My mum was an exceptional cook; even simple dishes tasted delicious when she cooked them. She was versatile and imaginative in the kitchen. She would improvise and turn out the most delicious curries with whatever ingredients were on hand. Our Ayah would grind the masalas for the curry on the grinding stone; in those days everything was prepared fresh and from scratch. Ready-made curry powders were unheard of. And since we had no gas or kerosene stoves back then, every dish was cooked over a wood-fired stove, which only added to the wonderful taste!

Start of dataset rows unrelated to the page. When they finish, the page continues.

section \<open>The concentric Poncelet configuration\<close>

lemma chord_tangency_bilinear:
  fixes x1 y1 x2 y2 a b K :: real
  assumes "x1\<^sup>2 + y1\<^sup>2 = K" "x2\<^sup>2 + y2\<^sup>2 = K" "(x1, y1) \<noteq> (x2, y2)"
    and "(x1 * y2 - y1 * x2)\<^sup>2 = b\<^sup>2 * (x2 - x1)\<^sup>2 + a\<^sup>2 * (y2 - y1)\<^sup>2"
  shows "(K - (a\<^sup>2 - b\<^sup>2)) * x1 * x2 + (K + (a\<^sup>2 - b\<^sup>2)) * y1 * y2 = (a\<^sup>2 + b\<^sup>2 - K) * K"
proof -
  \<comment> \<open>Multiplied by K, both sides of the tangency condition become multiples of
    K - d = |(x1, y1) - (x2, y2)|^2 / 2, which is nonzero.\<close>
  define d c where "d = x1 * x2 + y1 * y2" and "c = x1 * x2 - y1 * y2"
  have "2 * (K - d) = (x1 - x2)\<^sup>2 + (y1 - y2)\<^sup>2"
    using assms(1,2) by (simp add: d_def power2_eq_square algebra_simps)
  moreover have "0 < (x1 - x2)\<^sup>2 + (y1 - y2)\<^sup>2"
    using assms(3) by (auto simp: sum_power2_gt_zero_iff)
  ultimately have "K - d \<noteq> 0"
    by auto
  have "(x1 * y2 - y1 * x2)\<^sup>2 + d\<^sup>2 = (x1\<^sup>2 + y1\<^sup>2) * (x2\<^sup>2 + y2\<^sup>2)"
    by (simp add: d_def power2_eq_square algebra_simps)
  also have "\<dots> = K * K"
    using assms(1,2) by simp
  finally have "(x1 * y2 - y1 * x2)\<^sup>2 = K * K - d\<^sup>2"
    by linarith
  also have "\<dots> = (K - d) * (K + d)"
    by (simp add: power2_eq_square algebra_simps)
  finally have cross: "(x1 * y2 - y1 * x2)\<^sup>2 = (K - d) * (K + d)" .
  have "(K - d) * (K - c) - K * (x2 - x1)\<^sup>2
      = (K - x1\<^sup>2 - y1\<^sup>2) * (K - x2\<^sup>2) + y1\<^sup>2 * (K - x2\<^sup>2 - y2\<^sup>2)"
    "(K - d) * (K + c) - K * (y2 - y1)\<^sup>2
      = (K - x1\<^sup>2 - y1\<^sup>2) * (K - y2\<^sup>2) + x1\<^sup>2 * (K - x2\<^sup>2 - y2\<^sup>2)"
    by (simp_all add: d_def c_def power2_eq_square algebra_simps)
  moreover have "K - x1\<^sup>2 - y1\<^sup>2 = 0" "K - x2\<^sup>2 - y2\<^sup>2 = 0"
    using assms(1,2) by simp_all
  ultimately have dx: "K * (x2 - x1)\<^sup>2 = (K - d) * (K - c)"
    and dy: "K * (y2 - y1)\<^sup>2 = (K - d) * (K + c)"
    by simp_all
  have "(K - d) * (K * (K + d)) = K * (x1 * y2 - y1 * x2)\<^sup>2"
    unfolding cross by (simp add: algebra_simps)
  also have "\<dots> = b\<^sup>2 * (K * (x2 - x1)\<^sup>2) + a\<^sup>2 * (K * (y2 - y1)\<^sup>2)"
    unfolding assms(4) by (simp add: algebra_simps)
  also have "\<dots> = (K - d) * (b\<^sup>2 * (K - c) + a\<^sup>2 * (K + c))"
    unfolding dx dy by (simp add: algebra_simps)
  finally have "(K - d) * (K * (K + d)) = (K - d) * (b\<^sup>2 * (K - c) + a\<^sup>2 * (K + c))" .
  then have "K * (K + d) = b\<^sup>2 * (K - c) + a\<^sup>2 * (K + c)"
    using \<open>K - d \<noteq> 0\<close> by simp
  then show ?thesis
    by (simp add: d_def c_def algebra_simps)
qed

lemma vertex_normal_identity:
  fixes x1 y1 x2 y2 x3 y3 p q g K :: real
  assumes "x2\<^sup>2 + y2\<^sup>2 = K" "x3\<^sup>2 + y3\<^sup>2 = K" "(x2, y2) \<noteq> (x3, y3)"
    and "p * x1 * x2 + q * y1 * y2 = g" "p * x1 * x3 + q * y1 * y3 = g"
  shows "(p\<^sup>2 * x1\<^sup>2 + q\<^sup>2 * y1\<^sup>2) * ((x1 + x2 + x3)\<^sup>2 + (y1 + y2 + y3)\<^sup>2)
       = (2 * g + p * x1\<^sup>2 + q * y1\<^sup>2)\<^sup>2 + ((p - q) * x1 * y1)\<^sup>2"
proof -
  \<comment> \<open>(n1, n2) is normal to the chord between (x2, y2) and (x3, y3), and so is their sum
    (s1, s2) because both points lie on a circle centred at the origin. Hence the two are
    parallel, and Lagrange's identity for (n1, n2) and the sum of all three points gives the
    claim.\<close>
  define n1 n2 s1 s2 where "n1 = p * x1" and "n2 = q * y1" and "s1 = x2 + x3" and "s2 = y2 + y3"
  have normal_chord: "n1 * (x2 - x3) + n2 * (y2 - y3) = 0"
    using assms(4,5) by (simp add: n1_def n2_def algebra_simps)
  have sum_chord: "s1 * (x2 - x3) + s2 * (y2 - y3) = 0"
    using assms(1,2) by (simp add: s1_def s2_def power2_eq_square algebra_simps)
  have "(n1 * s2 - n2 * s1) * (x2 - x3)
      = s2 * (n1 * (x2 - x3) + n2 * (y2 - y3)) - n2 * (s1 * (x2 - x3) + s2 * (y2 - y3))"
    "(n1 * s2 - n2 * s1) * (y2 - y3)
      = n1 * (s1 * (x2 - x3) + s2 * (y2 - y3)) - s1 * (n1 * (x2 - x3) + n2 * (y2 - y3))"
    by (simp_all add: algebra_simps)
  then have parallel: "n1 * s2 - n2 * s1 = 0"
    using normal_chord sum_chord assms(3) by auto
  have "(n1\<^sup>2 + n2\<^sup>2) * ((x1 + s1)\<^sup>2 + (y1 + s2)\<^sup>2)
      = (n1 * (x1 + s1) + n2 * (y1 + s2))\<^sup>2 + (n1 * (y1 + s2) - n2 * (x1 + s1))\<^sup>2"
    by (simp add: power2_eq_square algebra_simps)
  moreover have "n1 * (x1 + s1) + n2 * (y1 + s2) = 2 * g + p * x1\<^sup>2 + q * y1\<^sup>2"
    using assms(4,5) by (simp add: n1_def n2_def s1_def s2_def power2_eq_square algebra_simps)
  moreover have "n1 * (y1 + s2) - n2 * (x1 + s1) = (p - q) * x1 * y1"
    using parallel by (simp add: n1_def n2_def algebra_simps)
  ultimately show ?thesis
    by (simp add: n1_def n2_def s1_def s2_def power_mult_distrib add.assoc)
qed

Lunch on the weekends were special. Saturday lunch was invariably Mince Ball Curry, Saffron-Coconut Rice and Devil Chutney. On Saturdays, we only had half-days at school, so we were back home by 12.30 pm, ravenously hungry and we’d be assailed by the delicious aromas of mum’s cooking even before we reached our gate.

 

Cauliflower Foogath

The mince for the Ball Curry, had to be just right. The meat was brought fresh from the Butcher Shop, cut into pieces, washed and then minced at home. Like every Anglo-Indian family, we had our own meat-mincing machine, which was fixed to the kitchen table. The freshly ground meat from the machine was then mixed with the required ingredients, shaped into even balls, then slowly dropped into the boiling gravy and left to simmer in a rich coriander and coconut sauce. The curry was famously known as ‘bad-word curry.’ The word ‘ball’ was considered a bad word in those days, and family elders wouldn’t dare utter it for fear of committing a sin.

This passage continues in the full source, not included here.